In a corner of the room, Remy LeBeau sat alone but for a beer and a cigarette, his eyes on hers. He’d preempted her, found her first; he’d been expecting her, eventually. Rogue moved forward from the shadows to join him, concern washing away the brooding sense of melancholy the song had woven upon her. When he came to places like this he was never alone – he enjoyed the company of fools and strangers like himself, he enjoyed titillation, meaningless words and kisses exchanged here in the Big Easy, in a place where they meant everything for one moment and then died away, as ephemeral as a scent on the breeze. She wove her way through the crowds towards him, the tsunami of bodies surging about her in a sinuous, cajoling grip that made her shudder. To get this close to one person was disconcerting enough, but this many people…
She broke on through to the other side, swimming to sanctuary of his table, wordless, obstinate. His crimson eyes followed her as she sat down to his right; no greeting, none needed. He appraised her, silent, cat-like. Nowadays she always looked at him with apprehension in her eyes, as if she’d caught his scent, as if she had an inkling of the stranger inside him – she’d chase him down until she read him right, until she’d figured out his secret. It did not surprise him to see her here, in a place she didn’t belong.
“You shouldn’t be here, cherie,” he informed her coolly, tapping his cigarette over a nearby ashtray. The ash wavered a second before slipping deliberately, unceremoniously into the grimy glass bowl with a ponderous finality. “Louis find out you sneaked in here again, he gon’ turn your hide out and whip it some fer good measure.”
Rogue folded her hands on the table, said: “An’ Ah’m s’pposed t’ be scared?”
His gaze was a mixture of frustration and amusement.
“Non. I’m just tryin’ to keep you outta trouble, girl, what d’ you think?”
“I’m thinkin’ that if you’d wanted to keep me outta trouble, yah wouldn’t have taken me with you in the first place, Remy,” she replied pointedly. He looked away, chewing on his cigarette, not able to find a suitable reply to her statement. Her presence annoyed him. He’d wanted to brood by himself. Why’d she have to follow him here? He respected her privacy – why couldn’t she respect his?
“Yah been out since yesterday evenin’,” she continued, her tone suddenly more conciliatory. “Ah was gettin’ worried you’d decided to split.”
“What, on you, cherie?” He turned his trademark charming grin on her. “Never!”
“You’re only sayin’ that ‘cos Ah found yah,” she remarked hotly.
“One thing I don’t do,” he assured her seriously, “an’ dat’s leave damsels in distress. Don’t leave partners in crime neither.” He paused as the voice of the dark-skinned chanteuse rose to a wavering, waif-like crescendo, only to tumble down, down, down into sensuous oblivion… “Was wantin’ a little time t’ myself, Rogue,” he confessed, lifting his chin and blowing smoke pensively into the thick and hazy air. “Thought you’d understand dat.”
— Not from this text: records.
lemma Min_after_move:
  assumes D: "D \<subseteq> V" and ne: "tg_moves V N D \<noteq> {}"
  shows "Min ((\<lambda>v. (Psi (D \<union> N v) + 1) div 2) ` tg_moves V N D) + 1 = Psi D div 2"
proof -
  let ?f = "\<lambda>v. (Psi (D \<union> N v) + 1) div 2"
  have "Min (?f ` tg_moves V N D) = Psi D div 2 - 1"
  proof (rule Min_eqI)
    show "finite (?f ` tg_moves V N D)" using finite_V by simp
    show "Psi D div 2 - 1 \<le> y" if "y \<in> ?f ` tg_moves V N D" for y
      using that move_bounds[OF D] by fastforce
    show "Psi D div 2 - 1 \<in> ?f ` tg_moves V N D"
    proof (cases "odd (Psi D)")
      case True
      then obtain v where "v \<in> tg_moves V N D" "Psi D = Psi (D \<union> N v) + 3"
        using odd_drop3[OF D] by blast
      then show ?thesis using True by (intro image_eqI[of _ _ v]) presburger+
    next
      case False
      obtain v where "v \<in> tg_moves V N D" "Psi (D \<union> N v) + 2 \<le> Psi D"
        using drop_ge2[OF D ne] by blast
      moreover from this have "Psi D \<le> Psi (D \<union> N v) + 3" using move_bounds[OF D] by blast
      ultimately show ?thesis using False by (intro image_eqI[of _ _ v]) presburger+
    qed
  qed
  moreover have "Psi D \<ge> 2" using drop_ge2[OF D ne] by force
  ultimately show ?thesis by simp
qed

lemma Max_after_move:
  assumes D: "D \<subseteq> V" and ne: "tg_moves V N D \<noteq> {}"
  shows "Max ((\<lambda>v. Psi (D \<union> N v) div 2) ` tg_moves V N D) + 1 = (Psi D + 1) div 2"
proof -
  let ?f = "\<lambda>v. Psi (D \<union> N v) div 2"
  have "Max (?f ` tg_moves V N D) = (Psi D + 1) div 2 - 1"
  proof (rule Max_eqI)
    show "finite (?f ` tg_moves V N D)" using finite_V by simp
    show "y \<le> (Psi D + 1) div 2 - 1" if "y \<in> ?f ` tg_moves V N D" for y
      using that move_bounds[OF D] by fastforce
    show "(Psi D + 1) div 2 - 1 \<in> ?f ` tg_moves V N D"
    proof (cases "odd (Psi D)")
      case True
      then obtain v where "v \<in> tg_moves V N D" "Psi D = Psi (D \<union> N v) + 1"
        using odd_drop1[OF D] by blast
      then show ?thesis using True by (intro image_eqI[of _ _ v]) presburger+
    next
      case False
      obtain v where "v \<in> tg_moves V N D" "Psi D \<le> Psi (D \<union> N v) + 2"
        using drop_le2[OF D ne] by blast
      moreover from this have "Psi (D \<union> N v) + 1 \<le> Psi D" using move_bounds[OF D] by blast
      ultimately show ?thesis using False by (intro image_eqI[of _ _ v]) presburger+
    qed
  qed
  moreover have "Psi D \<ge> 1" using ne move_bounds[OF D] by fastforce
  ultimately show ?thesis by simp
qed

lemma tg_val_eq:
  "D \<subseteq> V \<Longrightarrow> card (V - D) \<le> k \<Longrightarrow>
     tg_val V N D t k = (if t then Psi D div 2 else (Psi D + 1) div 2)"
proof (induction k arbitrary: D t)
  case 0
  then have "V \<subseteq> D" using finite_V by auto
  then have "tg_moves V N D = {}" using nbr_subset by blast
  then show ?case using terminal 0 by simp
next
  case (Suc k)
  show ?case
  proof (cases "tg_moves V N D = {}")
    case True
    then show ?thesis using terminal Suc.prems by simp
  next
    case False
    have IH: "tg_val V N (D \<union> N v) t' k =
        (if t' then Psi (D \<union> N v) div 2 else (Psi (D \<union> N v) + 1) div 2)"
      if "v \<in> tg_moves V N D" for v t'
    proof (rule Suc.IH)
      show "D \<union> N v \<subseteq> V" using that nbr_subset Suc.prems by blast
      have "V - (D \<union> N v) \<subset> V - D" using that nbr_subset by blast
      then have "card (V - (D \<union> N v)) < card (V - D)"
        using finite_V by (simp add: psubset_card_mono)
      then show "card (V - (D \<union> N v)) \<le> k" using Suc.prems by simp
    qed
    show ?thesis
    proof (cases t)
      case True
      have "(\<lambda>v. tg_val V N (D \<union> N v) False k) ` tg_moves V N D =
          (\<lambda>v. (Psi (D \<union> N v) + 1) div 2) ` tg_moves V N D"
        using IH by (intro image_cong) auto
      then show ?thesis using True False Min_after_move[OF Suc.prems(1) False]
        by (simp add: Let_def)
    next
      case t: False
      have "(\<lambda>v. tg_val V N (D \<union> N v) True k) ` tg_moves V N D =
          (\<lambda>v. Psi (D \<union> N v) div 2) ` tg_moves V N D"
        using IH by (intro image_cong) auto
      then show ?thesis using t False Max_after_move[OF Suc.prems(1) False]
        by (simp add: Let_def)
    qed
  qed
qed

end

text \<open>A boolean word is one parity class, True marking an entry not yet totally dominated.
  \<open>play k w\<close> dominates entries \<open>k - 1\<close> and \<open>k\<close> (just one of them when \<open>k = 0\<close>
  or \<open>k = length w\<close>). \<open>word_pot a L w b\<close> is the potential of \<open>w\<close> preceded by \<open>L\<close>
  undominated entries, i.e. the sum of \<open>run_pot\<close> over its maximal runs; the flags of
  \<open>run_pot\<close> say whether an end of the run can be dominated without its neighbour in the run,
  which is the case next to a dominated entry and, via \<open>a\<close> and \<open>b\<close>, at the ends of the word.\<close>

definition run_pot :: "nat \<Rightarrow> bool \<Rightarrow> bool \<Rightarrow> nat" where
  "run_pot L a b = 2 * (L - (L + 1) div 3) + (if L mod 3 = 2 \<and> (a \<or> b) then 1 else 0)"

fun word_pot :: "bool \<Rightarrow> nat \<Rightarrow> bool list \<Rightarrow> bool \<Rightarrow> nat" where
  "word_pot a L [] b = run_pot L a b"
| "word_pot a L (x # w) b =
    (if x then word_pot a (Suc L) w b else run_pot L a True + word_pot True 0 w b)"

fun play :: "nat \<Rightarrow> bool list \<Rightarrow> bool list" where
  "play _ [] = []"
| "play 0 (x # w) = False # w"
| "play (Suc 0) (x # w) = False # play 0 w"
| "play (Suc (Suc k)) (x # w) = x # play (Suc k) w"

lemma run_pot_0[simp]: "run_pot 0 a b = 0" by (simp add: run_pot_def)

lemma run_pot_add3: "run_pot (L + 3) a b = run_pot L a b + 4"
proof -
  have d: "(L + 3 + 1) div 3 = (L + 1) div 3 + 1"
    using div_add_self2[of 3 "L + 1"] by (simp add: add.commute add.left_commute)
  have "(L + 1) div 3 \<le> L" by linarith
  moreover have "(L + 3) mod 3 = L mod 3" by simp
  ultimately show ?thesis unfolding run_pot_def d by simp
qed

lemma run_pot_add_mult3: "run_pot (3 * k + r) a b = 4 * k + run_pot r a b"
proof (induction k)
  case (Suc k)
  have e: "3 * Suc k + r = (3 * k + r) + 3" by simp
  show ?case unfolding e run_pot_add3 Suc.IH by simp
qed simp

lemma nat_mod3_induct [case_names small step]:
  fixes P :: "nat \<Rightarrow> bool"
  assumes small: "\<And>x. x < 3 \<Longrightarrow> P x" and step: "\<And>x. P x \<Longrightarrow> P (x + 3)"
  shows "P x"
proof (induction x rule: less_induct)
  case (less x)
  show ?case
  proof (cases "x < 3")
    case False
    then have "P (x - 3)" using less by simp
    then show ?thesis using step[of "x - 3"] False by simp
  qed (rule small)
qed

lemma less_3_cases: "(x::nat) < 3 \<Longrightarrow> x = 0 \<or> x = 1 \<or> x = 2" by arith

lemma run_pot_mult3: "run_pot (3 * k) a b = 4 * k"
  using run_pot_add_mult3[of k 0 a b] by simp

lemma run_pot_mult3_plus1: "run_pot (3 * k + 1) a b = 4 * k + 2"
proof -
  have "(3 * k + 2) div 3 = k" "(3 * k + 1) mod 3 = 1" by presburger+
  then show ?thesis unfolding run_pot_def by simp
qed

lemma run_pot_mono_flag: "run_pot L a b \<le> run_pot L a True"
  unfolding run_pot_def by simp

lemma run_pot_commute: "run_pot L a b = run_pot L b a" unfolding run_pot_def by auto

lemma run_pot_left_open: "a \<Longrightarrow> run_pot L a b = run_pot L True b" unfolding run_pot_def by auto

lemma run_pot_split_bounds:
  "run_pot x a True + run_pot y True b + 1 \<le> run_pot (x + y + 2) a b \<and>
   run_pot (x + y + 2) a b \<le> run_pot x a True + run_pot y True b + 3"
proof (induction x rule: nat_mod3_induct)
  case (small x)
  show ?case
  proof (induction y rule: nat_mod3_induct)
    case (small y)
    then show ?case using less_3_cases[OF \<open>x < 3\<close>] less_3_cases[OF \<open>y < 3\<close>]
      by (elim disjE) (simp_all add: run_pot_def)
  next
    case (step y)
    have "run_pot (x + (y + 3) + 2) a b = run_pot (x + y + 2) a b + 4"
      using run_pot_add3[of "x + y + 2"] by (simp add: add_ac)
    moreover have "run_pot (y + 3) True b = run_pot y True b + 4" by (rule run_pot_add3)
    ultimately show ?case using step by linarith
  qed
next
  case (step x)
  have "run_pot (x + 3 + y + 2) a b = run_pot (x + y + 2) a b + 4"
    using run_pot_add3[of "x + y + 2"] by (simp add: add_ac)
  moreover have "run_pot (x + 3) a True = run_pot x a True + 4" by (rule run_pot_add3)
  ultimately show ?case using step by linarith
qed
(* Let $k\ge 2$ and $\ell\ge 0$ be constants. There is a deterministic $\mathsf{Online}$-$\mathsf{LOCAL}$ algorithm with locality $O(\log n)$ that properly colors every $n$-node connected graph in $\mathcal{L}_{k,\ell}$ using colors from $\{1,\dots,k+1\}$.
   Context: A graph is $k$-partite if it admits a proper coloring with $k$ colors. For a graph $G=(V,E)$, $U\subseteq V$ and an integer $T\ge 0$, $\mathcal{B}(U,T)$ denotes the set of nodes at distance at most $T$ from some node of $U$, and $G[U]$ denotes the induced subgraph. Locally inferable unique colorings: let $G$ be a $k$-partite graph and $\ell\ge0$ an integer. For a connected subgraph $G'=(V',E')$ of $G$, let $\mathcal{C}^*(G',\ell)$ be the set of all proper $k$-colorings (colors $\{1,\dots,k\}$) of $G[\mathcal{B}(V',\ell)]$, and $\mathcal{C}(G',\ell)$ the set of restrictions to $V'$ of colorings in $\mathcal{C}^*(G',\ell)$. Two $k$-colorings $c,c'$ are identical up to a permutation if $c'=\phi\circ c$ for some permutation $\phi$ of $\{1,\dots,k\}$. $\mathcal{L}_{k,\ell}$ is the class of $k$-partite graphs $G$ such that for every connected subgraph $G'$ of $G$, all colorings in $\mathcal{C}(G',\ell)$ are identical up to a permutation. The $\mathsf{Online}$-$\mathsf{LOCAL}$ model: an algorithm with locality $T=T(n)$ is deterministic and knows $n$. The adversary chooses an $n$-node input graph $G=(V,E)$ from the input family, assigns distinct identifiers from $\{1,\dots,\mathrm{poly}(n)\}$ to its nodes, and chooses an ordering $\sigma=(v_1,\dots,v_n)$ of $V$. For $i=1,\dots,n$, when $v_i$ is presented, the algorithm must irrevocably assign an output (here a color) to $v_i$ as a function of the sequence $(v_1,\dots,v_i)$ and the induced subgraph $G_i=G\big[\bigcup_{j\le i}\mathcal{B}(v_j,T)\big]$ (with identifiers); thus the algorithm has global memory of everything seen so far. The algorithm solves a coloring problem on an input family if for every choice of the adversary the final coloring is proper and uses only the allowed colors. The locality of a problem is the minimum locality of an algorithm solving it. *)

theory Defs
  imports Main "HOL-Library.Landau_Symbols"
begin
(* Let $Z$ be a del Pezzo surface. The orthogonal group $O(Z)$ is generated by the finite Weyl group $W(Z)$ and the subgroup $\mathrm{Pic}^0(Z)$ (acting on $K(Z)$ by tensor product); moreover $W(Z)\cap\mathrm{Pic}^0(Z)$ is trivial and $\mathrm{Pic}^0(Z)$ is normal in $O(Z)$, so that $O(Z)=W(Z)\ltimes\mathrm{Pic}^0(Z)$.
   Context: $Z$ is a smooth projective connected surface over $\mathbb{C}$ with ample $\omega_Z^{-1}$; $K_Z=c_1(\omega_Z)\in NS(Z)$. $K(Z)$ is the Grothendieck group of the bounded derived category of coherent sheaves; $r$ rank, $d(E)=c_1(E)\cdot(-K_Z)$, $\chi(E)$ Euler characteristic, $\chi(E,F)=\sum_i(-1)^i\dim\mathrm{Hom}^i(E,F)$ the Euler form. There is an isomorphism $K(Z)\cong\mathbb{Z}[\mathcal{O}_Z]\oplus NS(Z)\oplus\mathbb{Z}\delta$, $[E]\mapsto(r(E),c_1(E),\chi(E)-r(E))$, where $\delta$ is the class of a skyscraper sheaf of a point; through it $K_Z^\perp=\{\alpha\in NS(Z):\alpha\cdot K_Z=0\}$ is viewed inside $K(Z)$. $O(Z)$ is the group of automorphisms of $K(Z)$ preserving $\chi(-,-)$, $r$ and $d$. A finite root is $\alpha\in K_Z^\perp$ with $\chi(\alpha,\alpha)=2$; $W(Z)$ is the group generated by the reflections $\beta\mapsto\beta-\chi(\beta,\alpha)\alpha$ for finite roots $\alpha$. $\mathrm{Pic}^0(Z)=\{L\in\mathrm{Pic}(Z):c_1(L)\cdot K_Z=0\}$, acting on $K(Z)$ by $[E]\mapsto[E\otimes L]$, which lies in $O(Z)$. *)

theory Defs
  imports Main "HOL-Library.Product_Plus" "HOL-Library.Function_Algebras"
begin

text \<open>NS(Z) = Pic(Z) is modelled as
  'n \<Rightarrow> int for a finite index type 'n, with intersection form Q and canonical class K.
  The classification of del Pezzo surfaces says (NS(Z), intersection form, K_Z) is
  isometric to that of P^2 blown up in n \<le> 8 points (basis h, e_1..e_n, K = -3h + sum e_i)
  or of P^1 x P^1 (hyperbolic plane, K = (-2,-2)).\<close>

definition dP_NS :: "(('n::finite \<Rightarrow> int) \<Rightarrow> ('n \<Rightarrow> int) \<Rightarrow> int) \<Rightarrow> ('n \<Rightarrow> int) \<Rightarrow> bool" where
  "dP_NS Q K \<longleftrightarrow> (\<exists>e :: nat \<Rightarrow> 'n. bij_betw e {..<card (UNIV :: 'n set)} UNIV \<and>
     ((card (UNIV :: 'n set) \<le> 9 \<and>
       (\<forall>x y. Q x y = x (e 0) * y (e 0) - (\<Sum>i\<in>{1..<card (UNIV :: 'n set)}. x (e i) * y (e i))) \<and>
       K (e 0) = -3 \<and> (\<forall>i\<in>{1..<card (UNIV :: 'n set)}. K (e i) = 1))
    \<or> (card (UNIV :: 'n set) = 2 \<and>
       (\<forall>x y. Q x y = x (e 0) * y (e 1) + x (e 1) * y (e 0)) \<and>
       K (e 0) = -2 \<and> K (e 1) = -2)))"

text \<open>K(Z) = Z[O_Z] + NS(Z) + Z delta, a class being (r, c_1, chi - r).\<close>
type_synonym 'n Kcls = "int \<times> ('n \<Rightarrow> int) \<times> int"

definition rk :: "'n Kcls \<Rightarrow> int" where "rk x = fst x"

definition degK :: "(('n \<Rightarrow> int) \<Rightarrow> ('n \<Rightarrow> int) \<Rightarrow> int) \<Rightarrow> ('n \<Rightarrow> int) \<Rightarrow> 'n Kcls \<Rightarrow> int" where
  "degK Q K x = - Q (fst (snd x)) K"

text \<open>Euler form (Riemann-Roch): for E=(r1,c1,s1), F=(r2,c2,s2),
  chi(E,F) = r1 r2 + r1 s2 + r2 s1 - c1.c2 + r2 (c1.K).\<close>
definition euler :: "(('n \<Rightarrow> int) \<Rightarrow> ('n \<Rightarrow> int) \<Rightarrow> int) \<Rightarrow> ('n \<Rightarrow> int) \<Rightarrow> 'n Kcls \<Rightarrow> 'n Kcls \<Rightarrow> int" where
  "euler Q K x y = (case x of (r1, c1, s1) \<Rightarrow> case y of (r2, c2, s2) \<Rightarrow>
      r1 * r2 + r1 * s2 + r2 * s1 - Q c1 c2 + r2 * Q c1 K)"

definition additive_map :: "('a::plus \<Rightarrow> 'a) \<Rightarrow> bool" where
  "additive_map f \<longleftrightarrow> (\<forall>x y. f (x + y) = f x + f y)"

definition Ogroup :: "(('n \<Rightarrow> int) \<Rightarrow> ('n \<Rightarrow> int) \<Rightarrow> int) \<Rightarrow> ('n \<Rightarrow> int) \<Rightarrow> ('n Kcls \<Rightarrow> 'n Kcls) set" where
  "Ogroup Q K = {f. bij f \<and> additive_map f \<and> (\<forall>x y. euler Q K (f x) (f y) = euler Q K x y)
      \<and> (\<forall>x. rk (f x) = rk x) \<and> (\<forall>x. degK Q K (f x) = degK Q K x)}"

definition ns_cls :: "('n \<Rightarrow> int) \<Rightarrow> 'n Kcls" where "ns_cls a = (0, a, 0)"

definition finite_roots :: "(('n \<Rightarrow> int) \<Rightarrow> ('n \<Rightarrow> int) \<Rightarrow> int) \<Rightarrow> ('n \<Rightarrow> int) \<Rightarrow> 'n Kcls set" where
  "finite_roots Q K = {ns_cls a | a. Q a K = 0 \<and> euler Q K (ns_cls a) (ns_cls a) = 2}"

definition refl :: "(('n \<Rightarrow> int) \<Rightarrow> ('n \<Rightarrow> int) \<Rightarrow> int) \<Rightarrow> ('n \<Rightarrow> int) \<Rightarrow> 'n Kcls \<Rightarrow> 'n Kcls \<Rightarrow> 'n Kcls" where
  "refl Q K \<alpha> \<beta> = \<beta> - (let k = euler Q K \<beta> \<alpha> in (k * fst \<alpha>, (\<lambda>i. k * fst (snd \<alpha>) i), k * snd (snd \<alpha>)))"

inductive_set gen_group :: "('a \<Rightarrow> 'a) set \<Rightarrow> ('a \<Rightarrow> 'a) set" for S where
  gen_id: "id \<in> gen_group S"
| gen_mult: "f \<in> S \<Longrightarrow> g \<in> gen_group S \<Longrightarrow> f \<circ> g \<in> gen_group S"
| gen_inv: "f \<in> S \<Longrightarrow> g \<in> gen_group S \<Longrightarrow> inv f \<circ> g \<in> gen_group S"

definition Weyl :: "(('n \<Rightarrow> int) \<Rightarrow> ('n \<Rightarrow> int) \<Rightarrow> int) \<Rightarrow> ('n \<Rightarrow> int) \<Rightarrow> ('n Kcls \<Rightarrow> 'n Kcls) set" where
  "Weyl Q K = gen_group {refl Q K \<alpha> | \<alpha>. \<alpha> \<in> finite_roots Q K}"

text \<open>Tensoring by a line bundle L with c_1(L) = l:
  [E (x) L] = (r, c + r l, s + c.l + r (l.l - l.K)/2)  (Riemann-Roch).\<close>
definition twist :: "(('n \<Rightarrow> int) \<Rightarrow> ('n \<Rightarrow> int) \<Rightarrow> int) \<Rightarrow> ('n \<Rightarrow> int) \<Rightarrow> ('n \<Rightarrow> int) \<Rightarrow> 'n Kcls \<Rightarrow> 'n Kcls" where
  "twist Q K l x = (case x of (r, c, s) \<Rightarrow>
     (r, (\<lambda>i. c i + r * l i), s + Q c l + r * ((Q l l - Q l K) div 2)))"

definition Pic0 :: "(('n \<Rightarrow> int) \<Rightarrow> ('n \<Rightarrow> int) \<Rightarrow> int) \<Rightarrow> ('n \<Rightarrow> int) \<Rightarrow> ('n Kcls \<Rightarrow> 'n Kcls) set" where
  "Pic0 Q K = {twist Q K l | l. Q l K = 0}"

end

(* An element f of O(Z) fixes the point class delta, because chi(-, delta) is the rank.
   Writing f [O_Z] = (1, l, t), the class l is orthogonal to K, and f is the twist by l composed
   with the action h of f on c_1 of the classes (0, c, 0), an isometry of NS(Z) fixing K.
   Twists by K-orthogonal classes form an abelian group with h o twist_l o h^-1 = twist_(h l),
   whence normality; the Weyl group fixes [O_Z] while twist_l moves it unless l = 0.

   So it remains to write every isometry g of NS(Z) fixing K as a product of reflections in
   (-2)-classes orthogonal to K.  On P^1 x P^1, g fixes or swaps the two rulings, and the swap
   is such a reflection.  On P^2 blown up in n <= 8 points let g(h) = d h - sum b_i e_i.  The
   b_i are nonnegative, since (-1)-classes have nonnegative degree when n <= 8; if d > 1,
   Noether's inequality gives b_i + b_j + b_k > d, so the reflection in h - e_i - e_j - e_k
   lowers d.  When d = 1, g fixes h and permutes the e_i, and reflections in e_i - e_j sort
   them. *)

theory Submission
  imports Defs "HOL-Analysis.Convex"
begin

section \<open>Generated groups and the group O(Z)\<close>

lemma gen_group_generator: "f \<in> S \<Longrightarrow> f \<in> gen_group S"
  using gen_group.gen_mult[OF _ gen_group.gen_id] by fastforce

lemma gen_group_comp: "f \<in> gen_group S \<Longrightarrow> g \<in> gen_group S \<Longrightarrow> f \<circ> g \<in> gen_group S"
  by (induction f rule: gen_group.induct) (auto simp: comp_assoc intro: gen_group.intros)

lemma gen_group_least:
  assumes "S \<subseteq> G" "id \<in> G"
    and "\<And>f g. f \<in> G \<Longrightarrow> g \<in> G \<Longrightarrow> f \<circ> g \<in> G" "\<And>f. f \<in> G \<Longrightarrow> inv f \<in> G"
  shows "gen_group S \<subseteq> G"
proof
  show "f \<in> G" if "f \<in> gen_group S" for f
    using that by induction (use assms in blast)+
qed

lemma id_in_Ogroup: "id \<in> Ogroup Q K"
  by (simp add: Ogroup_def additive_map_def)

lemma Ogroup_comp: "f \<in> Ogroup Q K \<Longrightarrow> g \<in> Ogroup Q K \<Longrightarrow> f \<circ> g \<in> Ogroup Q K"
  unfolding Ogroup_def additive_map_def by (simp add: bij_comp del: split_paired_All)

lemma Ogroup_inv:
  assumes "f \<in> Ogroup Q K"
  shows "inv f \<in> Ogroup Q K"
proof -
  have "bij f" and additive: "additive_map f" and euler: "\<And>x y. euler Q K (f x) (f y) = euler Q K x y"
    and rk: "\<And>x. rk (f x) = rk x" and degK: "\<And>x. degK Q K (f x) = degK Q K x"
    using assms by (auto simp: Ogroup_def)
  have f_inv: "f (inv f x) = x" for x
    using \<open>bij f\<close> by (simp add: bij_is_surj surj_f_inv_f)
  have "additive_map (inv f)"
    unfolding additive_map_def
  proof (intro allI)
    fix x y
    have "f (inv f x + inv f y) = x + y"
      using additive f_inv unfolding additive_map_def by metis
    then show "inv f (x + y) = inv f x + inv f y"
      using \<open>bij f\<close> by (metis bij_is_inj inv_f_f)
  qed
  moreover have "euler Q K (inv f x) (inv f y) = euler Q K x y" for x y
    using euler[of "inv f x" "inv f y"] by (simp add: f_inv)
  moreover have "rk (inv f x) = rk x" "degK Q K (inv f x) = degK Q K x" for x
    using rk[of "inv f x"] degK[of "inv f x"] by (simp_all add: f_inv)
  ultimately show ?thesis
    using \<open>bij f\<close> by (simp add: Ogroup_def bij_imp_bij_inv)
qed

lemma gen_group_subset_Ogroup: "S \<subseteq> Ogroup Q K \<Longrightarrow> gen_group S \<subseteq> Ogroup Q K"
  by (rule gen_group_least) (auto intro: id_in_Ogroup Ogroup_comp Ogroup_inv)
“I do,” she assured him. He glared at her.
“Do you?” His tone was peremptory, but not overly unkind. “Marian, you’re young, still practically a kid. Dere are some t’ings in dis world y’ just can’t learn by readin’ about them, or even by absorbin’ them… Dat’s what life’s for, cherie. And dere are some things you ain’t never gon’ understand about me, no matter how much you believe otherwise…”
He faltered off, pulling heavily on his cigarette, his gaze refusing to meet hers. Rogue said nothing. He was wrong, she knew he was wrong… but she couldn’t tell him why.
“Go home, Marian,” he said at last, his eyes still on his drink. “I don’t want you hangin’ round dis shit-hole no more. I be back in de mornin’, I promise. You just go home, get some sleep, stay away from dis rough lot, stay outta dis crowd.”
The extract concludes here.